Мне вспомнилось, что наш Алеша тоже торговал воздухом — водородом, закачанным в воздушные шарики. Это было в самом начале его героической трудовой деятельности, за пару лет до «Амариллиса». Я собиралась выразительно рассказать Зубову эту веселую историю, когда он вдруг сказал:
— Хочешь, дорогая, увидеть мою контору?
Заветный офис прятался за разросшимся строительным лесом: здесь битых шесть лет томилась консервированная стройка, и подход к узенькому, в шесть домиков, переулку на первый взгляд казался невозможным. Все же, преодолев череду препятствий в лице щебеночных пирамид и заржавленных останков какой-то техники, мы вышли к небольшому особнячку: снизу он был каменный, сверху — деревянный. На таких обычно пишут про памятник культуры и охрану государством. Окна — в белых полосках жалюзи. В фильмах часто показывают, как сквозь эти жалюзи торчит дуло пистолета.
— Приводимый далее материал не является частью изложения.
lemma integral_radial_mixed_moment:
  fixes h :: "real \<Rightarrow> real"
  assumes [measurable]: "h \<in> borel_measurable borel" and "i \<in> Basis" "j \<in> Basis" "i \<noteq> j"
  shows "(\<integral>z. h (norm z) * ((z \<bullet> i) * (z \<bullet> j)) \<partial>(lborel :: 'a::euclidean_space measure)) = 0"
proof -
  let ?f = "\<lambda>z::'a. h (norm z) * ((z \<bullet> i) * (z \<bullet> j))"
  have "(\<integral>z. ?f z \<partial>lborel) = (\<integral>z. ?f z \<partial>distr lborel borel (reflect_coord i))"
    by (simp add: lborel_distr_reflect_coord)
  also have "\<dots> = (\<integral>z. ?f (reflect_coord i z) \<partial>lborel)"
    by (rule integral_distr) auto
  also have "\<dots> = - (\<integral>z. ?f z \<partial>lborel)"
    using assms(2-4) by (simp add: reflect_coord_inner norm_reflect_coord)
  finally show ?thesis by simp
qed

definition radial_moment :: "(real \<Rightarrow> real) \<Rightarrow> 'a::euclidean_space \<Rightarrow> ennreal" where
  "radial_moment h i = (\<integral>\<^sup>+z. ennreal (h (norm z) * (z \<bullet> i)\<^sup>2) \<partial>lborel)"

lemma abs_mult_le_sum_squares: "\<bar>p * q\<bar> \<le> p\<^sup>2 + (q::real)\<^sup>2"
proof -
  have "2 * \<bar>p * q\<bar> \<le> p\<^sup>2 + q\<^sup>2"
    using sum_squares_bound[of "\<bar>p\<bar>" "\<bar>q\<bar>"] by (simp add: abs_mult power2_eq_square)
  then show ?thesis by (smt (verit) zero_le_power2)
qed

lemma integrable_radial_mixed_moment:
  fixes h :: "real \<Rightarrow> real"
  assumes [measurable]: "h \<in> borel_measurable borel" and h0: "\<And>t. h t \<ge> 0"
    and fin: "\<And>i::'a::euclidean_space. i \<in> Basis \<Longrightarrow> radial_moment h i < \<infinity>"
    and "i \<in> Basis" "j \<in> Basis"
  shows "integrable lborel (\<lambda>z::'a. h (norm z) * ((z \<bullet> i) * (z \<bullet> j)))"
proof -
  have int: "integrable lborel (\<lambda>z::'a. h (norm z) * (z \<bullet> k)\<^sup>2)" if "k \<in> Basis" for k
    using fin[OF that] h0 by (intro integrableI_nonneg) (auto simp: radial_moment_def)
  show ?thesis
  proof (rule Bochner_Integration.integrable_bound[OF Bochner_Integration.integrable_add[OF int int]])
    show "AE z in lborel. norm (h (norm z) * ((z \<bullet> i) * (z \<bullet> j))) \<le> norm (h (norm z) * (z \<bullet> i)\<^sup>2 + h (norm z) * (z \<bullet> j)\<^sup>2)"
      using h0 abs_mult_le_sum_squares by (auto simp: abs_mult distrib_left[symmetric] intro!: mult_left_mono)
  qed (use assms in auto)
qed

lemma nn_integral_radial_quadratic_form:
  fixes h :: "real \<Rightarrow> real" and b :: "'a::euclidean_space"
  assumes [measurable]: "h \<in> borel_measurable borel" and h0: "\<And>t. h t \<ge> 0"
    and fin: "\<And>i::'a. i \<in> Basis \<Longrightarrow> radial_moment h i < \<infinity>"
  shows "(\<integral>\<^sup>+z. ennreal (h (norm z) * (b \<bullet> z)\<^sup>2) \<partial>lborel) = (\<Sum>i\<in>Basis. ennreal ((b \<bullet> i)\<^sup>2) * radial_moment h i)"
proof -
  define f where "f i j z = h (norm z) * ((z \<bullet> i) * (z \<bullet> j))" for i j z :: 'a
  have int_f: "integrable lborel (f i j)" if "i \<in> Basis" "j \<in> Basis" for i j
    unfolding f_def[abs_def] using integrable_radial_mixed_moment[OF _ h0 fin that] by simp
  have fii: "f i i = (\<lambda>z. h (norm z) * (z \<bullet> i)\<^sup>2)" for i by (auto simp: f_def power2_eq_square)
  have integral_fii: "(\<integral>z. f i i z \<partial>lborel) \<ge> 0" "radial_moment h i = ennreal (\<integral>z. f i i z \<partial>lborel)"
    if "i \<in> Basis" for i
    using int_f[OF that that] h0 unfolding fii radial_moment_def by (auto intro: nn_integral_eq_integral)
  have expand: "h (norm z) * (b \<bullet> z)\<^sup>2 = (\<Sum>i\<in>Basis. \<Sum>j\<in>Basis. ((b \<bullet> i) * (b \<bullet> j)) * f i j z)" for z
    unfolding f_def euclidean_inner[of b z] power2_eq_square sum_product
    by (simp add: sum_distrib_left mult_ac)
  have "(\<integral>z. h (norm z) * (b \<bullet> z)\<^sup>2 \<partial>lborel) =
      (\<Sum>i\<in>Basis. \<Sum>j\<in>Basis. ((b \<bullet> i) * (b \<bullet> j)) * (\<integral>z. f i j z \<partial>lborel))"
    unfolding expand using int_f by (simp add: Bochner_Integration.integral_sum Bochner_Integration.integrable_sum)
  also have "\<dots> = (\<Sum>i\<in>Basis. (b \<bullet> i)\<^sup>2 * (\<integral>z. f i i z \<partial>lborel))"
  proof (intro sum.cong refl)
    fix i :: 'a assume i: "i \<in> Basis"
    have "(\<Sum>j\<in>Basis. ((b \<bullet> i) * (b \<bullet> j)) * (\<integral>z. f i j z \<partial>lborel)) =
        (\<Sum>j\<in>Basis. if j = i then (b \<bullet> i)\<^sup>2 * (\<integral>z. f i i z \<partial>lborel) else 0)"
      using integral_radial_mixed_moment[of h i] i by (intro sum.cong) (auto simp: f_def power2_eq_square)
    then show "(\<Sum>j\<in>Basis. ((b \<bullet> i) * (b \<bullet> j)) * (\<integral>z. f i j z \<partial>lborel)) = (b \<bullet> i)\<^sup>2 * (\<integral>z. f i i z \<partial>lborel)"
      using i by simp
  qed
  finally have L: "(\<integral>z. h (norm z) * (b \<bullet> z)\<^sup>2 \<partial>lborel) = (\<Sum>i\<in>Basis. (b \<bullet> i)\<^sup>2 * (\<integral>z. f i i z \<partial>lborel))" .
  have "integrable lborel (\<lambda>z. h (norm z) * (b \<bullet> z)\<^sup>2)"
    unfolding expand using int_f by (intro Bochner_Integration.integrable_sum Bochner_Integration.integrable_mult_right) auto
  then have "(\<integral>\<^sup>+z. ennreal (h (norm z) * (b \<bullet> z)\<^sup>2) \<partial>lborel) = ennreal (\<integral>z. h (norm z) * (b \<bullet> z)\<^sup>2 \<partial>lborel)"
    using h0 by (intro nn_integral_eq_integral) auto
  also have "\<dots> = (\<Sum>i\<in>Basis. ennreal ((b \<bullet> i)\<^sup>2) * radial_moment h i)"
    unfolding L using integral_fii by (auto simp: sum_ennreal[symmetric] ennreal_mult intro!: sum.cong)
  finally show ?thesis .
qed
Я жадно рассовывала подробности по карманам памяти, пытаясь ухватить взглядом как можно больше: чтобы потом спокойно вспоминать и затейливое крыльцо с вывязанными из чугуна перильцами, и аккуратно подстриженный газон, и пару лысых мордоворотов в строгих костюмах. Они курили на крыльце, но стоило нам подойти, отбросили даже вполовину не оприходованные сигареты.
— Здрасьте, Ангиной Николаевич!
— Здравствуйте, друзья, — церемонно сказал Зубов.
Один из мордоворотов бросился открывать перед нами толстую дверь, похожую на могильную плиту, второй в нерешительности топтался на месте.
— Что вы топчетесь, Кулешов? — спросил Зубов. — Хотите спросить — спрашивайте.
— Я это… Ангиной Николаевич, можно я сбегаю пообедать?
— Пообедать? — удивился депутат. — Ну идите.
— А я успею, Антиной Николаевич? Потому что моя потом очередь с вами ехать.
— Это зависит от того, с какой скоростью вы ходите, Кулешов, — капризно сказал Зубов. — И от того, насколько быстро вы едите.
— Понял, Антиной Николаевич. Десять минут!
— «Здесь вы, друиды, рассейтесь все по холмам…» — пропел депутат вслед охраннику. Кулешов давно ушел, а я все мучилась, соображая, кого он мне напомнил с такой силой и остротой.
Могильная дверь закрылась с неожиданно мягким шлепком, и передо мной предстала картина светлого будущего, ставшего чужим настоящим. Широкая лестница, словно украденная из романа о великосветской жизни, уходила вверх с таким размахом, что даже думать не хотелось, будто там, наверху, всего лишь второй этаж — как минимум выход в космос! По обе стороны лестницы блестели золоченые перила, стены были затянуты шелковистой тканью, а пол выложен, по всей видимости, мрамором. Сверху над этим благополучием висела огромная люстра: в точности такая же украшала потолок Николаевского оперного театра. Сопровождая Эмму Борисовну в походах за ежегодной порцией «Il Trovatore», я успела хорошо разглядеть ее и запомнить.